Back to base for announcements and a take out.

Moleskin:
Welcome FNG Vila (Dave), who also got a respect out of the PAX! Hope to see you back again brother. Glad Mall Cop could find us on the hill. I’m still curious how he did that? Thanks for the opportunity to lead and to grow. Geraldo was rocking a backpack the entire workout, jury is still out if it was filled with kettle bells or schoolbooks. If YHC did that, it’d have packing peanuts. Nuke specifically asked to be mentioned in the backblast. Floppy Stick & Tambourine, good to have ya’ll out. Hope you’re able to make it back. I can’t remember who did the take out but I really enjoyed it. I was reminded of an appropriate bible verse during your take out…Hebrews 12:11 No discipline seems pleasant at the time, but painful. Later on, however, it produces a harvest of righteousness and peace for those who have been trained by it.

See you in the gloom again next week.

-Daisy

When did we sign up to Q?

Squid and I were ambushed (notified) this past Wednesday, that we had signed up to Q our first Stonehendge.  Not sure we ever agreed to sign up, but Mr. Bean swore we did.  I think we got hoodwinked.

Mosey over to the end of Brixham Hill Ave and circle up in the parking lot.  Disclaimer given and some COP:

COP:

20 SSH

20 IW

20 Merkin

The Thang:

Run around the first row of parking spaces around the buildings, with 20 merkins at each speedbump.  80 total.  Plank waiting for six.  40 LBCs OYO.

Run around the second row of parking spaces, with 20 merkins at each speedhump.  80 total.  Plank waiting for six.  20 Flutters OYO.

Run around the third row of parking spaces, with 15 merkins at each speedhump.  90 total.  Head over to front of the buildings for the second half.

Squid had everyone take a break from the running, and dealt some COM.  The three exercises included: 10 side crunch on each side, 20 palms up half crunch, and 20 bent leg foot taps.  4 sets of each.

Then Squid handed out some gear for gear stations to bring some more pain.  A few PAX got scared and left because they couldn’t handle Squid’s workouts.  (Or they were going to Da Vinci to doubledown.  I’m not sure which it was).  Partner up, and find a station.  Stations included burpees, merkin on the hand bars, shoulder raises with 20lb dumbbells, jump rope, chest press with a large rock, tricep extensions with the rubber band, wrist curls, curls with the 35lb kettlebell.  Partner 1 run runs a lap around the center island, partner 2 performs station.  Flapjack.  Then move down a station.

Mosey back to the AO carrying all the gear.  People were fighting over the jumprope and rubber band to carry back, but Haggis took the rock and said he wanted race.  He ran faster with the rock then the Pax did empty handed.

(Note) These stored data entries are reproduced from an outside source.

text \<open>Vectors of the plane are
  \<open>real^2\<close>, angular velocity matrices are \<open>real^2^2\<close> (elements of so(2) are
  the skew-symmetric ones). The billiard domain (set of admissible centers)
  is the disc \<open>cball p R\<close>, with boundary \<open>sphere p R\<close>.\<close>

text \<open>The wedge \<open>a \<and> b\<close>, acting by \<open>x \<mapsto> (a\<bullet>x) b - (b\<bullet>x) a\<close>.\<close>
definition wedge :: "real^2 \<Rightarrow> real^2 \<Rightarrow> real^2^2" where
  "wedge a b = (\<chi> i j. b$i * a$j - a$i * b$j)"

definition in_so2 :: "real^2^2 \<Rightarrow> bool" where
  "in_so2 U \<longleftrightarrow> transpose U = - U"

definition inward_normal :: "real^2 \<Rightarrow> real \<Rightarrow> real^2 \<Rightarrow> real^2" where
  "inward_normal p R a = (1 / R) *\<^sub>R (p - a)"

definition cc :: "real \<Rightarrow> real" where "cc \<gamma> = (1 - \<gamma>^2) / (1 + \<gamma>^2)"
definition ss :: "real \<Rightarrow> real" where "ss \<gamma> = (2 * \<gamma>) / (1 + \<gamma>^2)"

definition collision_map ::
  "real \<Rightarrow> real \<Rightarrow> real^2 \<Rightarrow> vec2 \<times> mat2 \<Rightarrow> vec2 \<times> mat2" where
  "collision_map \<gamma> r \<nu> uU = (case uU of (u, U) \<Rightarrow>
     (cc \<gamma> *\<^sub>R u - (ss \<gamma> / \<gamma>) *\<^sub>R ((u \<bullet> \<nu>) *\<^sub>R \<nu>) + (ss \<gamma> * \<gamma> * r) *\<^sub>R (U *v \<nu>),
      (ss \<gamma> / (\<gamma> * r)) *\<^sub>R wedge \<nu> u + U - (ss \<gamma> / \<gamma>) *\<^sub>R wedge \<nu> (U *v \<nu>)))"

definition rolling_impact :: "real^2 \<Rightarrow> real \<Rightarrow> real \<Rightarrow> real^2 \<Rightarrow> real^2 \<Rightarrow> real^2^2 \<Rightarrow> bool" where
  "rolling_impact p R r a u U \<longleftrightarrow>
     (let \<nu> = inward_normal p R a; v = u - r *\<^sub>R (U *v \<nu>) in v - (v \<bullet> \<nu>) *\<^sub>R \<nu> = 0)"

definition next_time :: "real^2 \<Rightarrow> real \<Rightarrow> real^2 \<Rightarrow> real^2 \<Rightarrow> real" where
  "next_time p R a w = Inf {t. 0 < t \<and> a + t *\<^sub>R w \<in> sphere p R}"

text \<open>The sequence of pre-collision states \<open>(a_k, u_k, U_k)\<close> at the k-th collision
  (k = 0 is the first collision).\<close>
fun collisions :: "real \<Rightarrow> real \<Rightarrow> real^2 \<Rightarrow> real \<Rightarrow> vec2 \<times> vec2 \<times> mat2
                   \<Rightarrow> nat \<Rightarrow> vec2 \<times> vec2 \<times> mat2" where
  "collisions \<gamma> r p R s0 0 = s0"
| "collisions \<gamma> r p R s0 (Suc k) =
     (case collisions \<gamma> r p R s0 k of (a, u, U) \<Rightarrow>
        (case collision_map \<gamma> r (inward_normal p R a) (u, U) of (u', U') \<Rightarrow>
           (a + next_time p R a u' *\<^sub>R u', u', U')))"

definition flight_time :: "real \<Rightarrow> real \<Rightarrow> real^2 \<Rightarrow> real \<Rightarrow> vec2 \<times> vec2 \<times> mat2
                   \<Rightarrow> nat \<Rightarrow> real" where
  "flight_time \<gamma> r p R s0 k = (case collisions \<gamma> r p R s0 k of (a, u, U) \<Rightarrow>
      next_time p R a (fst (collision_map \<gamma> r (inward_normal p R a) (u, U))))"

end

(* In the plane every U in so(2) is omega J, with J the rotation by a right angle, and for a unit
   normal nu the rolling impact condition reads (J nu) . u = r omega.  Under this condition the
   no-slip collision map fixes U and reflects u specularly.  In a disc the reflected chord is
   congruent to the incoming one: the next normal is nu - (t/R) w, so u . nu, |u| and (J nu) . u
   are all preserved.  Hence the rolling condition persists, and the flight time
   -2 R (u . nu) / |u|^2 is the same between any two consecutive collisions. *)

theory Submission
  imports Defs
begin

lemma vec2_eq_iff: "(x::real^2) = y \<longleftrightarrow> x$1 = y$1 \<and> x$2 = y$2"
  by (simp add: vec_eq_iff forall_2)

lemma mat2_eq_iff:
  "(A::real^2^2) = B \<longleftrightarrow> A$1$1 = B$1$1 \<and> A$1$2 = B$1$2 \<and> A$2$1 = B$2$1 \<and> A$2$2 = B$2$2"
  by (simp add: vec_eq_iff forall_2)

lemma inner_vec2: "(x::real^2) \<bullet> y = x$1 * y$1 + x$2 * y$2"
  by (simp add: inner_vec_def sum_2)

definition rot90 :: "real^2 \<Rightarrow> real^2" where
  "rot90 x = vector [- x$2, x$1]"

definition rot90_mat :: "real^2^2" where
  "rot90_mat = vector [vector [0, -1], vector [1, 0]]"

lemma inner_rot90_self [simp]: "rot90 x \<bullet> x = 0"
  by (simp add: rot90_def inner_vec2)

lemma inner_rot90_rot90 [simp]: "rot90 x \<bullet> rot90 y = x \<bullet> y"
  by (simp add: rot90_def inner_vec2 algebra_simps)

lemma rot90_diff: "rot90 (x - y) = rot90 x - rot90 y"
  by (simp add: rot90_def vec2_eq_iff)

lemma rot90_scaleR: "rot90 (c *\<^sub>R x) = c *\<^sub>R rot90 x"
  by (simp add: rot90_def vec2_eq_iff)

lemma rot90_mat_mult: "rot90_mat *v x = rot90 x"
  by (simp add: rot90_mat_def rot90_def vec2_eq_iff matrix_vector_mult_def sum_2)

lemma in_so2_eq_rot90_mat:
  assumes "in_so2 U"
  shows "U = U$2$1 *\<^sub>R rot90_mat"
proof -
  have skew: "U$j$i = - U$i$j" for i j
    using arg_cong[OF assms[unfolded in_so2_def], of "\<lambda>M. M$i$j"] by (simp add: transpose_def)
  have "U$1$1 = 0" "U$2$2 = 0" "U$1$2 = - U$2$1"
    using skew[of 1 1] skew[of 2 2] skew[of 2 1] by simp_all
  then show ?thesis
    unfolding mat2_eq_iff by (simp add: rot90_mat_def)
qed

lemma wedge_vec2: "wedge a b = (rot90 a \<bullet> b) *\<^sub>R rot90_mat"
  unfolding mat2_eq_iff by (simp add: wedge_def rot90_mat_def rot90_def inner_vec2 algebra_simps)

lemma vec2_orthonormal_decomp:
  assumes "n \<bullet> n = 1"
  shows "v = (v \<bullet> n) *\<^sub>R n + (rot90 n \<bullet> v) *\<^sub>R rot90 n"
proof -
  have "n$1 * n$1 + n$2 * n$2 = 1"
    using assms by (simp add: inner_vec2)
  then show ?thesis
    unfolding vec2_eq_iff by (simp add: rot90_def inner_vec2) algebra
qed

lemma tangential_part_eq_0_iff:
  assumes "n \<bullet> n = 1"
  shows "v - (v \<bullet> n) *\<^sub>R n = 0 \<longleftrightarrow> rot90 n \<bullet> v = 0"
proof -
  have "v - (v \<bullet> n) *\<^sub>R n = (rot90 n \<bullet> v) *\<^sub>R rot90 n"
    using vec2_orthonormal_decomp[OF assms, of v] by (simp add: algebra_simps)
  moreover have "rot90 n \<noteq> 0"
    by (metis assms inner_rot90_rot90 inner_zero_left zero_neq_one)
  ultimately show ?thesis
    by simp
qed

lemma cc_eq: "cc \<gamma> = 1 - ss \<gamma> * \<gamma>"
proof -
  have "1 + \<gamma>^2 \<noteq> 0"
    by (smt (verit) zero_le_power2)
  then show ?thesis
    by (simp add: cc_def ss_def field_simps power2_eq_square)
qed

lemma ss_div_eq:
  assumes "\<gamma> \<noteq> 0"
  shows "ss \<gamma> / \<gamma> = 2 - ss \<gamma> * \<gamma>"
proof -
  have "1 + \<gamma>^2 \<noteq> 0"
    by (smt (verit) zero_le_power2)
  have "ss \<gamma> / \<gamma> = 2 / (1 + \<gamma>^2)"
    using assms by (simp add: ss_def)
  also have "\<dots> = 2 - ss \<gamma> * \<gamma>"
    using \<open>1 + \<gamma>^2 \<noteq> 0\<close> by (simp add: ss_def field_simps power2_eq_square)
  finally show ?thesis .
qed

definition reflect :: "real^2 \<Rightarrow> real^2 \<Rightarrow> real^2" where
  "reflect n u = u - (2 * (u \<bullet> n)) *\<^sub>R n"

lemma inner_reflect_normal:
  assumes "n \<bullet> n = 1"
  shows "reflect n u \<bullet> n = - (u \<bullet> n)"
  using assms by (simp add: reflect_def inner_diff_left)

lemma inner_reflect_reflect:
  assumes "n \<bullet> n = 1"
  shows "reflect n u \<bullet> reflect n u = u \<bullet> u"
  using assms by (simp add: reflect_def inner_diff_left inner_diff_right inner_commute)

lemma inner_rot90_reflect: "rot90 n \<bullet> reflect n u = rot90 n \<bullet> u"
  by (simp add: reflect_def inner_diff_right)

Circle up for some more pain.  Gorilla squats, and some low slow squats.

Moleskin:

As expected there was a lot of mumble chatter.  That seems to happen a lot when I am on Q.  Either the PAX is trying to distract me because they are scared of the pain, or I can’t get no respect like Rodney Dangerfield.  It seems Strawberry is the ring leader every time.  For that, I instructed Strawberry to do twice as many merkins on the last lap, half jokingly.  For some reason Frehleys thought I was serious and did 30 at each speedbump.  He gets a lot of extra credit, but Strawberry gets all the blame.  However, Frehleys did have a hard time with my wife’s hand weights.  He was ashamed that she can handle the 20lb weights, and he couldn’t.  Keep working Frehleys.  You will get it one day.

Squid and I tried to mix it up from the usual workout so we hope the Pax enjoyed it.